How easy it is to distinguish the two halves from each other, Schilf thinks. Here and there, before and after, life and death. You could do it anywhere, with nothing but a cable.
The air tastes clean, drinkable like water. The birds twittering incessantly. We should do more open-air investigations, the detective thought, the detective thinks.
AFTER A CURSORY GLANCE AT THE MARKS left on the bark by the steel cable, he pushes his way into the scrub. He crosses the ditch, lifting brambles carefully from his shirt, and slides down into the undergrowth with one hand on the ground. The traces left by the forensic team are clear to see: bits of plaster from casts of footprints, earth that has been dug up, and branches that have been sawn off. Schilf parts the ferns with both hands and ducks under the green surface in a moment that seems fleeting. Squatting down, he looks around him. He is surrounded by hairy branches with brownish rolled-up leaves like snail shells.
The descent was hot work. His shirt sticks to his back and he tastes salt on his upper lip. Schilf rolls up his shirtsleeves and waits. He is convinced that this place will have something for him, something the forensic team could not find, because it does not consist of flakes of skin and hair. It is the story of how a boundary was crossed. A story about how thin the membrane is that holds a human life together. Schilf wants to know what it is like for one man to wait for another to die. Ants form a dark pile on top of a caterpillar, which twitches clumsily as its body is carried off in pieces. Apart from that, there is nothing that can help the detective’s understanding.
A whining noise drills into his ears. Here are the mosquitoes to give the witness statement that Schilf still needs in order to be certain of what he thinks. Seven mosquitoes land on his right forearm and sting immediately. The detective jumps up and beats at them. The survivors launch a new attack without hesitation, and reinforcements come from invisible colleagues; they tickle his neck and sting his arms and hands over and over again. Schilf rolls his shirtsleeves down quickly, shakes his trouser legs, and wipes his
face. When he has calmed himself, he notices a small man standing some distance away as if rooted in the ferns, watching him perform the dance of St. Vitus. When their eyes meet, the paunchy man starts moving toward him.
“Miserable bloodsuckers, aren’t they?”
The butterfly collector approaches, raising a didactic finger.

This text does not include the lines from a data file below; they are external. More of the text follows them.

lemma seminorm_orbit_subseq_limits:
  assumes "countable S" "\<forall>s\<in>S. seminorm s" "compactin (seminorm_topology S) Y"
    and "f ` Y \<subseteq> Y" "x \<in> Y"
    and "\<And>s. s \<in> S \<Longrightarrow> (\<lambda>n. s ((f ^^ n) x - (f ^^ n) (f x))) \<longlonglongrightarrow> 0"
  obtains p r where "p \<in> Y" "strict_mono r"
    "limitin (seminorm_topology S) (\<lambda>k. (f ^^ r k) x) p sequentially"
    "limitin (seminorm_topology S) (\<lambda>k. (f ^^ Suc (r k)) x) p sequentially"
proof -
  have "(f ^^ n) x \<in> Y" for n
    using assms(4,5) by (induction n) auto
  then obtain p r where "p \<in> Y" "strict_mono r"
    and conv: "\<And>s. s \<in> S \<Longrightarrow> (\<lambda>k. s (p - (f ^^ r k) x)) \<longlonglongrightarrow> 0"
    using seminorm_compactin_convergent_subseq[OF assms(1-3), of "\<lambda>n. (f ^^ n) x"] by blast
  have conv_Suc: "(\<lambda>k. s (p - (f ^^ Suc (r k)) x)) \<longlonglongrightarrow> 0" if "s \<in> S" for s
  proof (rule seminorm_tendsto_0_diff_trans)
    show "(\<lambda>k. s ((f ^^ r k) x - (f ^^ Suc (r k)) x)) \<longlonglongrightarrow> 0"
      using LIMSEQ_subseq_LIMSEQ[OF assms(6)[OF that] \<open>strict_mono r\<close>]
      by (simp add: o_def funpow_swap1)
  qed (use that assms(2) conv in auto)
  show ?thesis
  proof (rule that[OF \<open>p \<in> Y\<close> \<open>strict_mono r\<close>])
    show "limitin (seminorm_topology S) (\<lambda>k. (f ^^ r k) x) p sequentially"
      using assms(2) conv by (rule limitin_seminorm_topology)
    show "limitin (seminorm_topology S) (\<lambda>k. (f ^^ Suc (r k)) x) p sequentially"
      using assms(2) conv_Suc by (rule limitin_seminorm_topology)
  qed
qed
lemma ConBI_cong_join:
  assumes \<theta>: "\<theta> \<in> ConBI n" and \<phi>: "\<phi> \<in> ConBI n"
  shows "cong_join \<theta> \<phi> \<in> ConBI n"
  unfolding cong_join_def
proof (rule ConBI_intro)
  show "refl ((\<theta> \<union> \<phi>)\<^sup>*)" by (simp add: refl_rtrancl)
  have "sym (\<theta> \<union> \<phi>)" using assms by (auto simp: sym_def intro: ConBI_sym)
  then show "sym ((\<theta> \<union> \<phi>)\<^sup>*)" by (rule sym_rtrancl)
  show "trans ((\<theta> \<union> \<phi>)\<^sup>*)" by (rule trans_rtrancl)
  show "(sup a c, sup b c) \<in> (\<theta> \<union> \<phi>)\<^sup>*" "(inf a c, inf b c) \<in> (\<theta> \<union> \<phi>)\<^sup>*"
    if "(a, b) \<in> (\<theta> \<union> \<phi>)\<^sup>*" for a b c
    using rtrancl_map[OF that, of "\<lambda>x. sup x c"] rtrancl_map[OF that, of "\<lambda>x. inf x c"] assms
    by (blast intro: ConBI_sup ConBI_inf ConBI_refl)+
  show "(n a, n b) \<in> (\<theta> \<union> \<phi>)\<^sup>*" if "(a, b) \<in> (\<theta> \<union> \<phi>)\<^sup>*" for a b
    using rtrancl_map[OF that, of n] assms by (blast intro: ConBI_inv)
qed

lemma cong_join_least:
  assumes \<chi>: "\<chi> \<in> ConBI n" and "\<theta> \<subseteq> \<chi>" "\<phi> \<subseteq> \<chi>"
  shows "cong_join \<theta> \<phi> \<subseteq> \<chi>"
proof (clarsimp simp: cong_join_def)
  fix a b assume "(a, b) \<in> (\<theta> \<union> \<phi>)\<^sup>*"
  then show "(a, b) \<in> \<chi>"
    by induction (use assms in \<open>auto intro: ConBI_refl ConBI_trans\<close>)
qed

lemma is_lub_in_cong_join:
  "\<theta> \<in> ConBI n \<Longrightarrow> \<phi> \<in> ConBI n \<Longrightarrow> is_lub_in (ConBI n) \<theta> \<phi> (cong_join \<theta> \<phi>)"
  unfolding is_lub_in_def using ConBI_cong_join[of \<theta> n \<phi>] cong_join_least[of _ n \<theta> \<phi>]
  by (auto simp: cong_join_def)

lemma cong_join_projection:
  assumes \<theta>: "\<theta> \<in> ConBI n" and \<phi>: "\<phi> \<in> ConBI n" and \<psi>: "\<psi> \<in> ConBI n"
    and ab: "(a, b) \<in> \<theta>" "a \<le> b" and az: "(a, z) \<in> cong_join \<phi> \<psi>"
  shows "(a, inf (sup z a) b) \<in> cong_join (\<theta> \<inter> \<phi>) (\<theta> \<inter> \<psi>)"
  using az unfolding cong_join_def
proof (induction rule: rtrancl_induct)
  case base
  then show ?case using ab by (simp add: inf_absorb1)
next
  case (step y z)
  have to_a: "(inf (sup w a) b, a) \<in> \<theta>" for w
    using ConBI_inf[OF \<theta> ConBI_refl[OF \<theta>] ConBI_sym[OF \<theta> ab(1)], of "sup w a"]
    by (simp add: inf_absorb2)
  have "(inf (sup y a) b, inf (sup z a) b) \<in> \<theta>"
    using ConBI_trans[OF \<theta> to_a ConBI_sym[OF \<theta> to_a]] .
  moreover have "(inf (sup y a) b, inf (sup z a) b) \<in> \<chi>" if "\<chi> \<in> ConBI n" "(y, z) \<in> \<chi>" for \<chi>
    using ConBI_inf[OF that(1) ConBI_sup[OF that ConBI_refl[OF that(1)]] ConBI_refl[OF that(1)]] .
  then have "(inf (sup y a) b, inf (sup z a) b) \<in> \<phi> \<union> \<psi>"
    using step.hyps(2) \<phi> \<psi> by blast
  ultimately show ?case using step.IH by (blast intro: rtrancl_into_rtrancl)
qed

lemma ConBI_distrib:
  assumes \<theta>: "\<theta> \<in> ConBI n" and \<phi>: "\<phi> \<in> ConBI n" and \<psi>: "\<psi> \<in> ConBI n"
  shows "\<theta> \<inter> cong_join \<phi> \<psi> = cong_join (\<theta> \<inter> \<phi>) (\<theta> \<inter> \<psi>)"
proof
  show "cong_join (\<theta> \<inter> \<phi>) (\<theta> \<inter> \<psi>) \<subseteq> \<theta> \<inter> cong_join \<phi> \<psi>"
    by (rule cong_join_least[OF ConBI_Int[OF \<theta> ConBI_cong_join[OF \<phi> \<psi>]]])
      (auto simp: cong_join_def)
  show "\<theta> \<inter> cong_join \<phi> \<psi> \<subseteq> cong_join (\<theta> \<inter> \<phi>) (\<theta> \<inter> \<psi>)"
  proof clarify
    fix a b assume "(a, b) \<in> \<theta>" "(a, b) \<in> cong_join \<phi> \<psi>"
    then have "(inf a b, sup a b) \<in> \<theta>" "(inf a b, sup a b) \<in> cong_join \<phi> \<psi>"
      using ConBI_iff_inf_sup[OF \<theta>] ConBI_iff_inf_sup[OF ConBI_cong_join[OF \<phi> \<psi>]] by blast+
    from cong_join_projection[OF \<theta> \<phi> \<psi> this(1) _ this(2)]
    have "(inf a b, sup a b) \<in> cong_join (\<theta> \<inter> \<phi>) (\<theta> \<inter> \<psi>)"
      by (simp add: inf.coboundedI1 sup_absorb1)
    then show "(a, b) \<in> cong_join (\<theta> \<inter> \<phi>) (\<theta> \<inter> \<psi>)"
      using ConBI_iff_inf_sup[OF ConBI_cong_join[OF ConBI_Int[OF \<theta> \<phi>] ConBI_Int[OF \<theta> \<psi>]]] by blast
  qed
qed

section \<open>The complement of a congruence of a modular lattice\<close>

lemma modular_cancel:
  assumes "modular_lattice TYPE('a::lattice)"
    and "(u::'a) \<le> v" "inf u y = inf v y" "sup u y = sup v y"
  shows "u = v"
proof -
  have "sup u (inf y v) = inf (sup u y) v"
    using assms(1,2) unfolding modular_lattice_def by blast
  moreover have "sup u (inf y v) = u" using assms(3) by (metis inf_commute inf_le1 sup_absorb1)
  moreover have "inf (sup u y) v = v" using assms(4) by (simp add: inf_absorb2)
  ultimately show ?thesis by simp
qed

lemma i_lattice_invD:
  assumes "i_lattice_inv n"
  shows i_lattice_inv_involution: "n (n a) = a"
    and i_lattice_inv_antimono: "a \<le> b \<Longrightarrow> n b \<le> n a"
  using assms unfolding i_lattice_inv_def by auto

definition collapse_free :: "('a::order \<times> 'a) set \<Rightarrow> ('a \<times> 'a) set" where
  "collapse_free \<theta> = {(u, v). u \<le> v \<and> (\<forall>p q. u \<le> p \<and> p \<le> q \<and> q \<le> v \<and> (p, q) \<in> \<theta> \<longrightarrow> p = q)}"

lemma collapse_freeI:
  "u \<le> v \<Longrightarrow> (\<And>p q. u \<le> p \<Longrightarrow> p \<le> q \<Longrightarrow> q \<le> v \<Longrightarrow> (p, q) \<in> \<theta> \<Longrightarrow> p = q)
    \<Longrightarrow> (u, v) \<in> collapse_free \<theta>"
  unfolding collapse_free_def by blast

lemma collapse_freeD:
  "(u, v) \<in> collapse_free \<theta> \<Longrightarrow> u \<le> p \<Longrightarrow> p \<le> q \<Longrightarrow> q \<le> v \<Longrightarrow> (p, q) \<in> \<theta> \<Longrightarrow> p = q"
  unfolding collapse_free_def by blast

lemma collapse_free_le: "(u, v) \<in> collapse_free \<theta> \<Longrightarrow> u \<le> v"
  unfolding collapse_free_def by blast

lemma collapse_free_subinterval:
  "(u, v) \<in> collapse_free \<theta> \<Longrightarrow> u \<le> u' \<Longrightarrow> u' \<le> v' \<Longrightarrow> v' \<le> v \<Longrightarrow> (u', v') \<in> collapse_free \<theta>"
  unfolding collapse_free_def by (auto intro: order_trans)

definition cong_complement :: "('a::lattice \<times> 'a) set \<Rightarrow> ('a \<times> 'a) set" where
  "cong_complement \<theta> = {(x, y). (inf x y, sup x y) \<in> collapse_free \<theta>}"

lemma cong_complementI_within:
  assumes "(u, v) \<in> collapse_free \<theta>" and "x \<in> {u..v}" "y \<in> {u..v}"
  shows "(x, y) \<in> cong_complement \<theta>"
proof -
  have "u \<le> inf x y" "inf x y \<le> sup x y" "sup x y \<le> v"
    using assms(2,3) by (auto intro: le_supI1)
  then show ?thesis
    unfolding cong_complement_def using collapse_free_subinterval[OF assms(1)] by blast
qed

context
  fixes n :: "'a::lattice \<Rightarrow> 'a" and \<theta> :: "('a \<times> 'a) set"
  assumes modular: "modular_lattice TYPE('a)" and \<theta>: "\<theta> \<in> ConBI n"
begin

lemma collapse_free_sup:
  assumes uv: "(u, v) \<in> collapse_free \<theta>"
  shows "(sup u w, sup v w) \<in> collapse_free \<theta>"
proof (rule collapse_freeI)
  have "u \<le> v" using collapse_free_le[OF uv] .
  then show "sup u w \<le> sup v w" by (simp add: le_supI1)
  fix p q assume pq: "sup u w \<le> p" "p \<le> q" "q \<le> sup v w" "(p, q) \<in> \<theta>"
  show "p = q"
  proof (rule modular_cancel[OF modular \<open>p \<le> q\<close>])
    show "inf p v = inf q v"
      using collapse_freeD[OF uv _ inf_mono[OF pq(2) order_refl] _ ConBI_inf[OF \<theta> pq(4) ConBI_refl[OF \<theta>]]]
        pq(1) \<open>u \<le> v\<close> by simp
    have "q \<le> sup p v" using pq(1,3) by (meson le_sup_iff order_trans sup_ge1 sup_ge2 sup_least)
    then show "sup p v = sup q v" using pq(2) by (simp add: antisym le_supI1)
  qed
qed

lemma collapse_free_inf:
  assumes uv: "(u, v) \<in> collapse_free \<theta>"
  shows "(inf u w, inf v w) \<in> collapse_free \<theta>"
proof (rule collapse_freeI)
  have "u \<le> v" using collapse_free_le[OF uv] .
  then show "inf u w \<le> inf v w" by (simp add: le_infI1)
  fix p q assume pq: "inf u w \<le> p" "p \<le> q" "q \<le> inf v w" "(p, q) \<in> \<theta>"
  show "p = q"
  proof (rule modular_cancel[OF modular \<open>p \<le> q\<close>])
    show "sup p u = sup q u"
      using collapse_freeD[OF uv _ sup_mono[OF pq(2) order_refl] _ ConBI_sup[OF \<theta> pq(4) ConBI_refl[OF \<theta>]]]
        pq(3) \<open>u \<le> v\<close> by simp
    have "inf q u \<le> p" using pq(1,3) by (meson le_inf_iff order_trans inf_le1 inf_le2 inf_greatest)
    then show "inf p u = inf q u" using pq(2) by (simp add: antisym le_infI1)
  qed
qed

“They’re the rats among the hexapods,” he says. “Insects with six feet,” he adds, when Schilf does not respond.
The detective looks at the backs of his hands, where the first bites are swelling. He wonders what would happen if he were to scratch them with the blade of a knife until they were bloody, and then walk into the office of the leading public prosecutor with his arms outstretched proudly, proclaiming, “Look, here’s the decisive piece of evidence!” He begins to laugh quietly. It would surely be the first case in criminal history to be decided on the grounds of an intolerable itch.
“Are you laughing at my equipment?” The butterfly collector is still. “A collecting net. And here is a storage net, which is just like life. It’s easy to enter and difficult to leave.”
The detective is busy spreading spit on his forearms.
“There’s been a lot going on here recently,” the butterfly collector says. “The police are frightening away my customers.” Lots of tiny lines on the man’s face add up to a great worry. He points accusingly at a lantern-shaped cage. “See—empty!”